Exercise instructions
Report back each line of the records that contains the string "auto".

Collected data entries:
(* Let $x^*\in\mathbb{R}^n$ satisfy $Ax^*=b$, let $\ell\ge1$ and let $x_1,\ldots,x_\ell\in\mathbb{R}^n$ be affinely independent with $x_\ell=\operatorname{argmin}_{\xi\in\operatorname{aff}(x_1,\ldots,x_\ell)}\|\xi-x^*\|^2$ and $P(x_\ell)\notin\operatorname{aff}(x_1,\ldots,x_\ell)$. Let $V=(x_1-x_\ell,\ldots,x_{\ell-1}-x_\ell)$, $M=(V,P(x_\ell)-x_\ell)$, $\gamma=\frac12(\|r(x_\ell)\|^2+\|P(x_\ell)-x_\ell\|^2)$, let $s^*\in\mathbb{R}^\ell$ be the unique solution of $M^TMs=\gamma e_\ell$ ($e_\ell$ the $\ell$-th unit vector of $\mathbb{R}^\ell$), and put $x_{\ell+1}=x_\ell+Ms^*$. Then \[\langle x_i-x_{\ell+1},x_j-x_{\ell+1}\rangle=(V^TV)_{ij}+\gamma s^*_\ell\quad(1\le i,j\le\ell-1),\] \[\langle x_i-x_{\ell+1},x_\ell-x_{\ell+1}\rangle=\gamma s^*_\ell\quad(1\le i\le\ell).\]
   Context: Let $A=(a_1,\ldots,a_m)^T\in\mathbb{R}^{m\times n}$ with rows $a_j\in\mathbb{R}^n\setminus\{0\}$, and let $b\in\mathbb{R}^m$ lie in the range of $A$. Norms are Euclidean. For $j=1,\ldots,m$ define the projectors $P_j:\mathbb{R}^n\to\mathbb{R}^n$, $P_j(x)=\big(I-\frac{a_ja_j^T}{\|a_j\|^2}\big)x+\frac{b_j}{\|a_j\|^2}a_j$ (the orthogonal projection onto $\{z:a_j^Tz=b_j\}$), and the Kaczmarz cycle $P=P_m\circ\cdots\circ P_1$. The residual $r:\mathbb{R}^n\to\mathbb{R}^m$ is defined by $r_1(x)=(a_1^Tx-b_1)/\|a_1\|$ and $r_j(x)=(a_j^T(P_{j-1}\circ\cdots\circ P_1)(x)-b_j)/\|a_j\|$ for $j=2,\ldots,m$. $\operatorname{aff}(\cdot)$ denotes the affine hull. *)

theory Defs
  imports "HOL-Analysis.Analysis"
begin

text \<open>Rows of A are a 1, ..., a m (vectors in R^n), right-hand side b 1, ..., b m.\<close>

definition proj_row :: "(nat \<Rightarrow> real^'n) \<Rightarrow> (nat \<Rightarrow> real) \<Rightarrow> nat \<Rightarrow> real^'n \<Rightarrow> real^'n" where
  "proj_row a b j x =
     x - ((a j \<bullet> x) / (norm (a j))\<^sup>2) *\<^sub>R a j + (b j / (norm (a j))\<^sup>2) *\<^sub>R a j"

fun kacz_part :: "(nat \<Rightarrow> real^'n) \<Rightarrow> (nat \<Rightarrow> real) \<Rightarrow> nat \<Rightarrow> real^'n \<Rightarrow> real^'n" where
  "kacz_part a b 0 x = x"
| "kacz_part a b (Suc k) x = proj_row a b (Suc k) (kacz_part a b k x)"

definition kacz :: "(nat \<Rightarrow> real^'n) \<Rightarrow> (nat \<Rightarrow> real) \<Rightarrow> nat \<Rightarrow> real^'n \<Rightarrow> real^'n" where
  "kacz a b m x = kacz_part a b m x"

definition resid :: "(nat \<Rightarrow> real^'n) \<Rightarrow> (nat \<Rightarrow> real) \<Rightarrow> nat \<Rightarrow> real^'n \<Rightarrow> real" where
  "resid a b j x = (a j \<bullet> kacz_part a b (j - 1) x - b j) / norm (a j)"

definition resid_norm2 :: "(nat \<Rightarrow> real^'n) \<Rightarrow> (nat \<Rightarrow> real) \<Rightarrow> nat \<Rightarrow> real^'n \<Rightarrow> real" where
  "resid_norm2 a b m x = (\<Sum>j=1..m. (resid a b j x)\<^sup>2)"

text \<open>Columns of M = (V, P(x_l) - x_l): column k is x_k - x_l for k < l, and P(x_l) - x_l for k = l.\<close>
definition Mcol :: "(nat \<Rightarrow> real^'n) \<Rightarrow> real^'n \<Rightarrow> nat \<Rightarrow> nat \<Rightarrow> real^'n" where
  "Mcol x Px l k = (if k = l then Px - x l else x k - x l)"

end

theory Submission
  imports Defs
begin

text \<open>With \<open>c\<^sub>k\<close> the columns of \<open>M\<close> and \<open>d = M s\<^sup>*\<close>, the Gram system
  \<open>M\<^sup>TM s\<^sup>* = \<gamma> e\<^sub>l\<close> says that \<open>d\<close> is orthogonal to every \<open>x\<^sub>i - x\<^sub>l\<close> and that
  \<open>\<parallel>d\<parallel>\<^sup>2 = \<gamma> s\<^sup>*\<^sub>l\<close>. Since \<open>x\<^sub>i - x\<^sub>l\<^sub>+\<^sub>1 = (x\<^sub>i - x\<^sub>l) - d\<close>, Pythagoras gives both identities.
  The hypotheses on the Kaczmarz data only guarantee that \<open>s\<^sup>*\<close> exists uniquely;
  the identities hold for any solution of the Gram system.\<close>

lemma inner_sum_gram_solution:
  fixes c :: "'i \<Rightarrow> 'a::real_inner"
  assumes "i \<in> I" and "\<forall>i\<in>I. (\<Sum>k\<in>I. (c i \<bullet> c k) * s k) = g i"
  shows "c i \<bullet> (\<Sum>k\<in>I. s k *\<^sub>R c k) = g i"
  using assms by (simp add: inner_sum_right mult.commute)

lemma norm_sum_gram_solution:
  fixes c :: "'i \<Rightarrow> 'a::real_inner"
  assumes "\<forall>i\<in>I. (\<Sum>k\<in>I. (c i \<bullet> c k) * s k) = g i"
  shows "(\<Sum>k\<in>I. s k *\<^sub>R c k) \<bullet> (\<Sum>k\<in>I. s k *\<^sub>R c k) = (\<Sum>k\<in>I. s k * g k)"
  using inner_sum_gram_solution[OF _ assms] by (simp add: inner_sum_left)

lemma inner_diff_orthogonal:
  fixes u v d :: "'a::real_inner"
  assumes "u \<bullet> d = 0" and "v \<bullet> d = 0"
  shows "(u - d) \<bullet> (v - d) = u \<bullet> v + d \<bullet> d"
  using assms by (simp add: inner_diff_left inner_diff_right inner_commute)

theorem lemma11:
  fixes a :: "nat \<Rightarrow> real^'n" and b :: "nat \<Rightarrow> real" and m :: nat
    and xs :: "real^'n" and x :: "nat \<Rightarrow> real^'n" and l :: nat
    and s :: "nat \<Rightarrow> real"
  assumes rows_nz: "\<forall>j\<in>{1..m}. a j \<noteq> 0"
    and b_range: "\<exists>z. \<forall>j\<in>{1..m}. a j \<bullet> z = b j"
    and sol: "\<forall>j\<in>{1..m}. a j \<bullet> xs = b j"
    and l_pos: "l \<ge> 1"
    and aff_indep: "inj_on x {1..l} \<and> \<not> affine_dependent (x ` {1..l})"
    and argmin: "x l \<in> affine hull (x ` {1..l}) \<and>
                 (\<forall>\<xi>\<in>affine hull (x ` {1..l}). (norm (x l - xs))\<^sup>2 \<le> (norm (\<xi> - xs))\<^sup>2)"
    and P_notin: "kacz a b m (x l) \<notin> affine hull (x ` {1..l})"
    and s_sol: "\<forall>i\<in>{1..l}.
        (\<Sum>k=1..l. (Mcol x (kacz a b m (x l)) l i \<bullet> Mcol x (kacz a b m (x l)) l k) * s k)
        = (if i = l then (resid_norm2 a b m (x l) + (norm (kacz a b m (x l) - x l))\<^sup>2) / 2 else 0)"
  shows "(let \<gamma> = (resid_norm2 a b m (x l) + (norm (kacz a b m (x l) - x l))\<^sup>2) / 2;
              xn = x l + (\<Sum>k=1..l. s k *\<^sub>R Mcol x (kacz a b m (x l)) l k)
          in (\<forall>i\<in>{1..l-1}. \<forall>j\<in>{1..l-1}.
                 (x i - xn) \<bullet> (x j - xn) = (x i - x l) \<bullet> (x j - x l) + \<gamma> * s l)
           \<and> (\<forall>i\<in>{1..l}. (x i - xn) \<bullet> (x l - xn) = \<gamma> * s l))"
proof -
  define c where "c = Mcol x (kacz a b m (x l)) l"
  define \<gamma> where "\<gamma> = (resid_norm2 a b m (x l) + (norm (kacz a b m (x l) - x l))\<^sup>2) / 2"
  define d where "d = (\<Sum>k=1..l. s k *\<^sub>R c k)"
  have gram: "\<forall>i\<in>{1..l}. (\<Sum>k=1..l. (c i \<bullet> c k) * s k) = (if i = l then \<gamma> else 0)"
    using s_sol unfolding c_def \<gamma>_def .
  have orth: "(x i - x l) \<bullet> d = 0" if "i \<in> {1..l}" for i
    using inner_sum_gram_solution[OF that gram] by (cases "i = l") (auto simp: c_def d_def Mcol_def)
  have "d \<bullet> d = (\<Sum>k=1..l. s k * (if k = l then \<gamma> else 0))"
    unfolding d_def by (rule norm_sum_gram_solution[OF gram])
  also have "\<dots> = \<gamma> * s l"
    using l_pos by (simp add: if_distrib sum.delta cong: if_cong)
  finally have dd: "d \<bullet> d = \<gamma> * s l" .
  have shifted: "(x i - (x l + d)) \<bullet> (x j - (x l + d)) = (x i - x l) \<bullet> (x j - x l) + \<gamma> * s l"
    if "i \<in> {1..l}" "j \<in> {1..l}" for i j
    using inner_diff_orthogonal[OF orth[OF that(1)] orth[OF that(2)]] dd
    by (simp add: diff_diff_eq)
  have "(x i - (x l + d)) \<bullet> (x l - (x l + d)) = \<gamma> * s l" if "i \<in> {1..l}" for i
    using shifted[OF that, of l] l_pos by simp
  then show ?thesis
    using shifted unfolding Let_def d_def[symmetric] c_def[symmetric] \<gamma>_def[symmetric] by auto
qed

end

Response area
    using inner_sum_gram_solution[OF that gram] by (cases "i = l") (auto simp: c_def d_def Mcol_def)
    using shifted unfolding Let_def d_def[symmetric] c_def[symmetric] \<gamma>_def[symmetric] by auto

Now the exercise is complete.